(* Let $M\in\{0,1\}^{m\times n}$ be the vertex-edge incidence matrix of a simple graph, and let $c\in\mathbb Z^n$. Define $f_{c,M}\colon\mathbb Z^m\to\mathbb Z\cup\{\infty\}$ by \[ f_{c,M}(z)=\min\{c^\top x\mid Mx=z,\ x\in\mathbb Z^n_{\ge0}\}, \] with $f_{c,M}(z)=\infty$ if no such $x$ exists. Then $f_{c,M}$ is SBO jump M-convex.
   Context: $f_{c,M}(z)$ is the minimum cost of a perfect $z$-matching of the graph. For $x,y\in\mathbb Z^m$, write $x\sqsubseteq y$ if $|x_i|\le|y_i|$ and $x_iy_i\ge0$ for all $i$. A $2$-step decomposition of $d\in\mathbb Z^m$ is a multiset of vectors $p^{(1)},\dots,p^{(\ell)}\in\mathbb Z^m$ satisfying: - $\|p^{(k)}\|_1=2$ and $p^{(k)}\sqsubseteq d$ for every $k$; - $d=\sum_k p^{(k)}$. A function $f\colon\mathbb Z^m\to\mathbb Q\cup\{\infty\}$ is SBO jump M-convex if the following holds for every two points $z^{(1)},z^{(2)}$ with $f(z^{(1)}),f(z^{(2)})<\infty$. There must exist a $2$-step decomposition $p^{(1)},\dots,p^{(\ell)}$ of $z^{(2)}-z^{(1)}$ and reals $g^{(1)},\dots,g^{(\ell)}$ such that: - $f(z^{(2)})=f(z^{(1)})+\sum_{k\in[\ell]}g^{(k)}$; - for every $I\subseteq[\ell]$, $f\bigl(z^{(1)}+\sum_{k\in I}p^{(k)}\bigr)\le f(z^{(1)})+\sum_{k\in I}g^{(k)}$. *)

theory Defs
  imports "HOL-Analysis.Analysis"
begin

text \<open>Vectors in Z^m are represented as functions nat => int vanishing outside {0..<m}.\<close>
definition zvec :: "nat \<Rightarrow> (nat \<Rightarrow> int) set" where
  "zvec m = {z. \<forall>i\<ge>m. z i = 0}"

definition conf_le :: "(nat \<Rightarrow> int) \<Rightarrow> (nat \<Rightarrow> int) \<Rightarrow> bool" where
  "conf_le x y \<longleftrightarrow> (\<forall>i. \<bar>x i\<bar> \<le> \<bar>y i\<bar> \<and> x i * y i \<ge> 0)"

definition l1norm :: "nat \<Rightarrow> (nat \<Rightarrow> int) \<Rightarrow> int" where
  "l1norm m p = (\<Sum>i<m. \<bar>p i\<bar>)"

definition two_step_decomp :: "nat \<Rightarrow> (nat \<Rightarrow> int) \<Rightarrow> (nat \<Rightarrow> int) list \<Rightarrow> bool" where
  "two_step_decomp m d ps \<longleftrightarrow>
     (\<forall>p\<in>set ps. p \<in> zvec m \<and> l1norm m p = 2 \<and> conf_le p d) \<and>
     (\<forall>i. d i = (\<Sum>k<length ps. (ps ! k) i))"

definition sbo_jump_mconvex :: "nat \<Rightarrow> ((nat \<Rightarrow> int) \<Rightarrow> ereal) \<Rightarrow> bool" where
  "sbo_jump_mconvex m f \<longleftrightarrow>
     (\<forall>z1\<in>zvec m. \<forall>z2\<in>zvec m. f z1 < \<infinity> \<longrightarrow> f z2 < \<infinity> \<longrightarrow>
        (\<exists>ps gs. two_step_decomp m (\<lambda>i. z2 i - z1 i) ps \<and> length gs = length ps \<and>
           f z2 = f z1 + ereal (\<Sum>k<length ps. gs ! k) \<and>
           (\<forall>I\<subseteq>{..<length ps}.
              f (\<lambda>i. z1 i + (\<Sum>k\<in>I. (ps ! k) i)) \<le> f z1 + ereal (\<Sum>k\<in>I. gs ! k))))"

:::

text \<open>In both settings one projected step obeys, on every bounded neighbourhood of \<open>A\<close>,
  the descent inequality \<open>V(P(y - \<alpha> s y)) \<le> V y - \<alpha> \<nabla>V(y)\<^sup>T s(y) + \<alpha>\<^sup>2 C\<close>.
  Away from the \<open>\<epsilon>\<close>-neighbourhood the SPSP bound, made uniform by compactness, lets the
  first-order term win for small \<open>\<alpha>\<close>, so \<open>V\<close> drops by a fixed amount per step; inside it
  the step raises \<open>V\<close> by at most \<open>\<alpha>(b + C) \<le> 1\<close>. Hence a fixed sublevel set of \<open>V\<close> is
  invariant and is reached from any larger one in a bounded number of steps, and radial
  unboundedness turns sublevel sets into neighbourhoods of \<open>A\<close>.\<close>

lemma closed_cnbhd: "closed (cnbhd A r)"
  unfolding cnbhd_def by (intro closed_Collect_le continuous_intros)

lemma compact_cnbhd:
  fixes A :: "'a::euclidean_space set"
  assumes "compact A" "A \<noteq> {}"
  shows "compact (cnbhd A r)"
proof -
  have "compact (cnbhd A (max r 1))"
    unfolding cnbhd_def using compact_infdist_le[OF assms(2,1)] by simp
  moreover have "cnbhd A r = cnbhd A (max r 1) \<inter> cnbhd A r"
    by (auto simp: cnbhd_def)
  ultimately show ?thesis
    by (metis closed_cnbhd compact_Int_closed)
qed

:::

• _About this exercise_: From the listing above, the lines starting with the one that has "SBO jump M-convex." and running through the one that has "int) \<Rightarrow> (nat \<Rightarrow> int) \<Rightarrow>" should be copied exactly, ends included.

• _Solution for this task_:
(* Let $M\in\{0,1\}^{m\times n}$ be the vertex-edge incidence matrix of a simple graph, and let $c\in\mathbb Z^n$. Define $f_{c,M}\colon\mathbb Z^m\to\mathbb Z\cup\{\infty\}$ by \[ f_{c,M}(z)=\min\{c^\top x\mid Mx=z,\ x\in\mathbb Z^n_{\ge0}\}, \] with $f_{c,M}(z)=\infty$ if no such $x$ exists. Then $f_{c,M}$ is SBO jump M-convex.
   Context: $f_{c,M}(z)$ is the minimum cost of a perfect $z$-matching of the graph. For $x,y\in\mathbb Z^m$, write $x\sqsubseteq y$ if $|x_i|\le|y_i|$ and $x_iy_i\ge0$ for all $i$. A $2$-step decomposition of $d\in\mathbb Z^m$ is a multiset of vectors $p^{(1)},\dots,p^{(\ell)}\in\mathbb Z^m$ satisfying: - $\|p^{(k)}\|_1=2$ and $p^{(k)}\sqsubseteq d$ for every $k$; - $d=\sum_k p^{(k)}$. A function $f\colon\mathbb Z^m\to\mathbb Q\cup\{\infty\}$ is SBO jump M-convex if the following holds for every two points $z^{(1)},z^{(2)}$ with $f(z^{(1)}),f(z^{(2)})<\infty$. There must exist a $2$-step decomposition $p^{(1)},\dots,p^{(\ell)}$ of $z^{(2)}-z^{(1)}$ and reals $g^{(1)},\dots,g^{(\ell)}$ such that: - $f(z^{(2)})=f(z^{(1)})+\sum_{k\in[\ell]}g^{(k)}$; - for every $I\subseteq[\ell]$, $f\bigl(z^{(1)}+\sum_{k\in I}p^{(k)}\bigr)\le f(z^{(1)})+\sum_{k\in I}g^{(k)}$. *)

theory Defs
  imports "HOL-Analysis.Analysis"
begin

text \<open>Vectors in Z^m are represented as functions nat => int vanishing outside {0..<m}.\<close>
definition zvec :: "nat \<Rightarrow> (nat \<Rightarrow> int) set" where
  "zvec m = {z. \<forall>i\<ge>m. z i = 0}"

definition conf_le :: "(nat \<Rightarrow> int) \<Rightarrow> (nat \<Rightarrow> int) \<Rightarrow> bool" where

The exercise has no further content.